Unlike many of the community service programs on campus, Project Sidewalk uses a virtual platform which volunteers can use whenever is most convenient for them, maximizing the volunteers that are able to help out the community during their busy schedules. The site provides comprehensible training to prepare students to identify access issues, meaning it can be done entirely on the students’ own timeline.
“[Project Sidewalk] allows students who just don’t have time to do the community service that we want to do to be involved. For a lot of the other projects, you have to be able to get there and spend an hour of work and have to be able to get back, and that just takes a large chunk of time out of our days. However, Project Sidewalk is a great way for us to just spend ten or twenty minutes on the activity, and you can actually see the good that is going to come out of it and what is going to be done. Walla Walla is such a small community, so any help is a lot of help,” Taylor said.

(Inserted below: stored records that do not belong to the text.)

lemma index_mult_lincomb_left:
  fixes P :: "'a :: comm_ring_1 mat"
  assumes P: "P \<in> carrier_mat N N" and T: "T \<subseteq> carrier_mat N N" and ij: "i < N" "j < N"
  shows "(P * mat N N (\<lambda>(i, j). \<Sum>X\<in>T. c X * X $$ (i, j))) $$ (i, j) = (\<Sum>X\<in>T. c X * (P * X) $$ (i, j))"
proof -
  have "(P * mat N N (\<lambda>(i, j). \<Sum>X\<in>T. c X * X $$ (i, j))) $$ (i, j)
      = (\<Sum>k<N. P $$ (i, k) * (\<Sum>X\<in>T. c X * X $$ (k, j)))"
    using P ij by (simp add: scalar_prod_def lessThan_atLeast0)
  also have "\<dots> = (\<Sum>X\<in>T. c X * (\<Sum>k<N. P $$ (i, k) * X $$ (k, j)))"
    by (simp add: sum_distrib_left mult_ac sum.swap[of _ T])
  also have "\<dots> = (\<Sum>X\<in>T. c X * (P * X) $$ (i, j))"
    using P T ij by (intro sum.cong) (auto simp: scalar_prod_def lessThan_atLeast0)
  finally show ?thesis .
qed

lemma index_mult_lincomb_right:
  fixes P :: "'a :: comm_ring_1 mat"
  assumes P: "P \<in> carrier_mat N N" and T: "T \<subseteq> carrier_mat N N" and ij: "i < N" "j < N"
  shows "(mat N N (\<lambda>(i, j). \<Sum>X\<in>T. c X * X $$ (i, j)) * P) $$ (i, j) = (\<Sum>X\<in>T. c X * (X * P) $$ (i, j))"
proof -
  have "(mat N N (\<lambda>(i, j). \<Sum>X\<in>T. c X * X $$ (i, j)) * P) $$ (i, j)
      = (\<Sum>k<N. (\<Sum>X\<in>T. c X * X $$ (i, k)) * P $$ (k, j))"
    using P ij by (simp add: scalar_prod_def lessThan_atLeast0)
  also have "\<dots> = (\<Sum>X\<in>T. c X * (\<Sum>k<N. X $$ (i, k) * P $$ (k, j)))"
    by (simp add: sum_distrib_left sum_distrib_right mult_ac sum.swap[of _ T])
  also have "\<dots> = (\<Sum>X\<in>T. c X * (X * P) $$ (i, j))"
    using P T ij by (intro sum.cong) (auto simp: scalar_prod_def lessThan_atLeast0)
  finally show ?thesis .
qed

Sophomore Deniz Bean, who is the Community Service Interest House Resident Assistant, spoke further about how this virtual platform provides l0w-commitment opportunities for students to advocate for accessibility while still leaving room for collaboration.
“[Project Sidewalk] was just a really attractive program to me because we could do it remotely as a house whenever it fit into our weekly schedules, and I was really just interested in getting more involved in the programs already established on campus,” Bean said.

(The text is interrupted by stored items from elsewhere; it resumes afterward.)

(* Let $d\ge1$, $0<c\le\infty$, $X=(0,c)$, $X_{\mathrm{SYM}}=(-c,0)\cup(0,c)$, $\mathbb{X}=(X_{\mathrm{SYM}})^d$. For $i=1,\dots,d$ let $w_i\in C^2(X)$ be strictly positive, $p_i\in C^2(X)$ real-valued and nonvanishing, $q_i\in C^1(X)$ real-valued, $a_i\ge0$ constants, $A=\sum_ia_i$, $\mu_i(dx)=w_i(x)dx$ on $X$, $\delta_i=p_i\frac{d}{dx}+q_i$, $\delta_i^*=-p_i\frac{d}{dx}+q_i-p_i\frac{w_i'}{w_i}-p_i'$, $L_i=a_i+\delta_i^*\delta_i$. Assume for each $i$ there is an orthonormal basis $\{\varphi^{(i)}_k:k\in\mathbb{N}\}$ of $L^2(X,\mu_i)$ with $\varphi^{(i)}_k\in C^\infty(X)$, $L_i\varphi^{(i)}_k=\lambda^{(i)}_k\varphi^{(i)}_k$, $\lambda^{(i)}_0<\lambda^{(i)}_1<\dots\to\infty$, $\delta_i\varphi^{(i)}_k\in L^2(X,\mu_i)$ and $\langle\delta_i\varphi^{(i)}_k,\delta_i\varphi^{(i)}_m\rangle_{\mu_i}=\langle\delta_i^*\delta_i\varphi^{(i)}_k,\varphi^{(i)}_m\rangle_{\mu_i}$ for all $k,m$; assume moreover $a_i=\lambda^{(i)}_0$ for every $i$. Extend $w_i,p_i,\varphi^{(i)}_k$ evenly and $q_i$ oddly to $X_{\mathrm{SYM}}$, let $\mu(dx)=w_1(x_1)\cdots w_d(x_d)dx$ on $\mathbb{X}$, define $\Phi^{(i)}_n=\frac1{\sqrt2}\varphi^{(i)}_{n/2}$ for even $n$, $\Phi^{(i)}_n=-\frac1{\sqrt2}(\lambda^{(i)}_{(n+1)/2}-a_i)^{-1/2}\delta_i\varphi^{(i)}_{(n+1)/2}$ for odd $n$, $\Phi_n=\Phi^{(1)}_{n_1}\otimes\cdots\otimes\Phi^{(d)}_{n_d}$ and $\lambda_{\langle n\rangle}=\sum_{i=1}^d\lambda^{(i)}_{\lfloor(n_i+1)/2\rfloor}$ for $n\in\mathbb{N}^d$. Let $$D_jf(x)=p_j(x_j)\partial_{x_j}f(x)+q_j(x_j)\tfrac{f(x)+f(\sigma_jx)}{2}+\Big[p_j(x_j)\tfrac{w_j'(x_j)}{w_j(x_j)}+p_j'(x_j)-q_j(x_j)\Big]\tfrac{f(x)-f(\sigma_jx)}{2},\qquad\mathbb{L}=A-\sum_{i=1}^dD_i^2,$$ ($\sigma_j$ the reflection changing the sign of the $j$th coordinate). Let $\mathfrak{L}f=\sum_{n}\lambda_{\langle n\rangle}\langle f,\Phi_n\rangle_\mu\Phi_n$ with domain $\{f\in L^2(\mathbb{X},\mu):\sum_n|\lambda_{\langle n\rangle}\langle f,\Phi_n\rangle_\mu|^2<\infty\}$ (a nonnegative self-adjoint operator), let $\Pi_0$ be the orthogonal projection onto the closed span of $\{\Phi_n:\lambda_{\langle n\rangle}\neq0\}$, $\mathfrak{L}^{-1}\Pi_0f=\sum_{\lambda_{\langle n\rangle}\neq0}\lambda_{\langle n\rangle}^{-1}\langle f,\Phi_n\rangle_\mu\Phi_n$, $P_t=\exp(-t\mathfrak{L}^{1/2})$ ($t\ge0$, spectral calculus), $R_jf=\sum_{\lambda_{\langle n\rangle}\neq0}\lambda_{\langle n\rangle}^{-1/2}\langle f,\Phi_n\rangle_\mu D_j\Phi_n$ and $U^j_tf=P_tR_jf$. Let $f$ belong to the linear span of $\{\Phi_n:n\in\mathbb{N}^d\}$. Then for $t\ge0$ (derivatives in $t$ for $t>0$): (i) $D_iU^j_tf=D_jU^i_tf$ for $i,j=1,\dots,d$; (ii) $D_jP_tf=-\frac{\partial}{\partial t}U^j_tf$ for $j=1,\dots,d$; (iii) if $A=0$, then $\sum_{j=1}^dD_jU^j_tf=\frac{\partial}{\partial t}P_tf$; if $A>0$, then $\sum_{j=1}^dD_jU^j_tf=\frac{\partial}{\partial t}P_t\big(f-A\mathfrak{L}^{-1}\Pi_0f\big)$; (iv) $\big(\frac{\partial^2}{\partial t^2}-\mathbb{L}\big)P_tf=0$ and $\big(\frac{\partial^2}{\partial t^2}-\mathbb{L}\big)U^j_tf=0$ for $j=1,\dots,d$.
   Context: $\mathbb{N}=\{0,1,2,\dots\}$; $\langle\cdot,\cdot\rangle_\mu$ is the inner product of $L^2(\mathbb{X},\mu)$; $\lfloor\cdot\rfloor$ is the floor function. *)

theory Defs
  imports "HOL-Analysis.Analysis"
begin

definition C1_on :: "real set \<Rightarrow> (real \<Rightarrow> real) \<Rightarrow> bool" where
  "C1_on S f \<longleftrightarrow> (\<forall>x\<in>S. f field_differentiable (at x)) \<and> continuous_on S (deriv f)"

definition C2_on :: "real set \<Rightarrow> (real \<Rightarrow> real) \<Rightarrow> bool" where
  "C2_on S f \<longleftrightarrow> C1_on S f \<and> C1_on S (deriv f)"

definition Cinf_on :: "real set \<Rightarrow> (real \<Rightarrow> real) \<Rightarrow> bool" where
  "Cinf_on S f \<longleftrightarrow> (\<forall>k. \<forall>x\<in>S. ((deriv ^^ k) f) field_differentiable (at x))"

text \<open>X = (0,c), X_SYM = (-c,0) \<union> (0,c), and the d-fold product (points are
  extensional functions on the index set {..<d}, coordinates indexed 0..d-1).\<close>

definition Xint :: "ereal \<Rightarrow> real set" where
  "Xint c = {x. 0 < x \<and> ereal x < c}"

definition Xsym :: "ereal \<Rightarrow> real set" where
  "Xsym c = {x. x \<noteq> 0 \<and> ereal \<bar>x\<bar> < c}"

definition Xd :: "ereal \<Rightarrow> nat \<Rightarrow> (nat \<Rightarrow> real) set" where
  "Xd c d = ({..<d} \<rightarrow>\<^sub>E Xsym c)"

definition Nd :: "nat \<Rightarrow> (nat \<Rightarrow> nat) set" where
  "Nd d = ({..<d} \<rightarrow>\<^sub>E (UNIV :: nat set))"

definition L2 :: "'a measure \<Rightarrow> ('a \<Rightarrow> real) \<Rightarrow> bool" where
  "L2 M f \<longleftrightarrow> f \<in> borel_measurable M \<and> integrable M (\<lambda>x. (f x)\<^sup>2)"

definition ip :: "'a measure \<Rightarrow> ('a \<Rightarrow> real) \<Rightarrow> ('a \<Rightarrow> real) \<Rightarrow> real" where
  "ip M f g = (\<integral>x. f x * g x \<partial>M)"

definition ONB :: "'a measure \<Rightarrow> (nat \<Rightarrow> 'a \<Rightarrow> real) \<Rightarrow> bool" where
  "ONB M \<phi> \<longleftrightarrow> (\<forall>k. L2 M (\<phi> k)) \<and>
     (\<forall>k m. ip M (\<phi> k) (\<phi> m) = (if k = m then 1 else 0)) \<and>
     (\<forall>f. L2 M f \<and> (\<forall>k. ip M f (\<phi> k) = 0) \<longrightarrow> (AE x in M. f x = 0))"

definition mu1 :: "ereal \<Rightarrow> (real \<Rightarrow> real) \<Rightarrow> real measure" where
  "mu1 c w = density (restrict_space lborel (Xint c)) (\<lambda>x. ennreal (w x))"

definition delta :: "(real \<Rightarrow> real) \<Rightarrow> (real \<Rightarrow> real) \<Rightarrow> (real \<Rightarrow> real) \<Rightarrow> real \<Rightarrow> real" where
  "delta p q g x = p x * deriv g x + q x * g x"

definition deltastar :: "(real \<Rightarrow> real) \<Rightarrow> (real \<Rightarrow> real) \<Rightarrow> (real \<Rightarrow> real) \<Rightarrow> (real \<Rightarrow> real) \<Rightarrow> real \<Rightarrow> real" where
  "deltastar w p q g x = - p x * deriv g x + q x * g x - p x * (deriv w x / w x) * g x - deriv p x * g x"

definition Lop :: "(real \<Rightarrow> real) \<Rightarrow> (real \<Rightarrow> real) \<Rightarrow> (real \<Rightarrow> real) \<Rightarrow> real \<Rightarrow> (real \<Rightarrow> real) \<Rightarrow> real \<Rightarrow> real" where
  "Lop w p q a g x = a * g x + deltastar w p q (delta p q g) x"

definition evenext :: "(real \<Rightarrow> real) \<Rightarrow> real \<Rightarrow> real" where
  "evenext g x = g \<bar>x\<bar>"

definition oddext :: "(real \<Rightarrow> real) \<Rightarrow> real \<Rightarrow> real" where
  "oddext g x = sgn x * g \<bar>x\<bar>"

definition Phi1 :: "(real \<Rightarrow> real) \<Rightarrow> (real \<Rightarrow> real) \<Rightarrow> real \<Rightarrow> (nat \<Rightarrow> real \<Rightarrow> real)
                    \<Rightarrow> (nat \<Rightarrow> real) \<Rightarrow> nat \<Rightarrow> real \<Rightarrow> real" where
  "Phi1 p q a phi lam n x =
     (if even n then (1 / sqrt 2) * evenext (phi (n div 2)) x
      else - (1 / sqrt 2) * (lam ((n + 1) div 2) - a) powr (-1/2)
             * delta (evenext p) (oddext q) (evenext (phi ((n + 1) div 2))) x)"

definition PhiD :: "nat \<Rightarrow> (nat \<Rightarrow> real \<Rightarrow> real) \<Rightarrow> (nat \<Rightarrow> real \<Rightarrow> real) \<Rightarrow> (nat \<Rightarrow> real)
                    \<Rightarrow> (nat \<Rightarrow> nat \<Rightarrow> real \<Rightarrow> real) \<Rightarrow> (nat \<Rightarrow> nat \<Rightarrow> real)
                    \<Rightarrow> (nat \<Rightarrow> nat) \<Rightarrow> (nat \<Rightarrow> real) \<Rightarrow> real" where
  "PhiD d p q a phi lam n x = (\<Prod>i<d. Phi1 (p i) (q i) (a i) (phi i) (lam i) (n i) (x i))"

definition lamD :: "nat \<Rightarrow> (nat \<Rightarrow> nat \<Rightarrow> real) \<Rightarrow> (nat \<Rightarrow> nat) \<Rightarrow> real" where
  "lamD d lam n = (\<Sum>i<d. lam i ((n i + 1) div 2))"

definition muD :: "ereal \<Rightarrow> nat \<Rightarrow> (nat \<Rightarrow> real \<Rightarrow> real) \<Rightarrow> (nat \<Rightarrow> real) measure" where
  "muD c d w = density (restrict_space (PiM {..<d} (\<lambda>_. lborel)) (Xd c d))
                 (\<lambda>x. ennreal (\<Prod>i<d. evenext (w i) (x i)))"

definition partialD :: "nat \<Rightarrow> ((nat \<Rightarrow> real) \<Rightarrow> real) \<Rightarrow> (nat \<Rightarrow> real) \<Rightarrow> real" where
  "partialD j f x = deriv (\<lambda>s. f (x(j := s))) (x j)"

definition sigma :: "nat \<Rightarrow> (nat \<Rightarrow> real) \<Rightarrow> (nat \<Rightarrow> real)" where
  "sigma j x = x(j := - x j)"

definition DD :: "(nat \<Rightarrow> real \<Rightarrow> real) \<Rightarrow> (nat \<Rightarrow> real \<Rightarrow> real) \<Rightarrow> (nat \<Rightarrow> real \<Rightarrow> real)
                  \<Rightarrow> nat \<Rightarrow> ((nat \<Rightarrow> real) \<Rightarrow> real) \<Rightarrow> (nat \<Rightarrow> real) \<Rightarrow> real" where
  "DD w p q j f x =
     evenext (p j) (x j) * partialD j f x
     + oddext (q j) (x j) * ((f x + f (sigma j x)) / 2)
     + (evenext (p j) (x j) * (deriv (evenext (w j)) (x j) / evenext (w j) (x j))
        + deriv (evenext (p j)) (x j) - oddext (q j) (x j)) * ((f x - f (sigma j x)) / 2)"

Bean also explained that expanding this community service network to as many students on campus as possible was essential in pushing these projects forward. For Bean, the project is a way for students to volunteer while also shifting their perspectives on accessibility.
“I think that students will engage with [Project Sidewalk] more because bringing it into the interest house community is a really great way to just have 70 students who could potentially engage with it… It’s a new program, which is really exciting,” Bean said. “I also think that accessibility on this campus specifically has just been a huge topic of discussion, and so I think that this is something that either people personally resonate with or just see that Walla Walla has a lot of accessibility issues with their sidewalks.”
Becker agreed with this sentiment, sharing the future goals of the project in helping with advocacy for accessible spaces and making this work more available to everyone.
“In terms of future goals… [we want to continue] to think about ways to build other accessible volunteer opportunities and create more accessibility within the programs we’re already doing as well as providing opportunities for students to take what they’re learning in the project about sidewalk access and then applying it to different spaces and in different ways,” Becker said.
This project provides a space for students to become more involved in the issues that they are speaking out about, and platforms like these make it easier for students to juggle volunteering into their already busy schedules.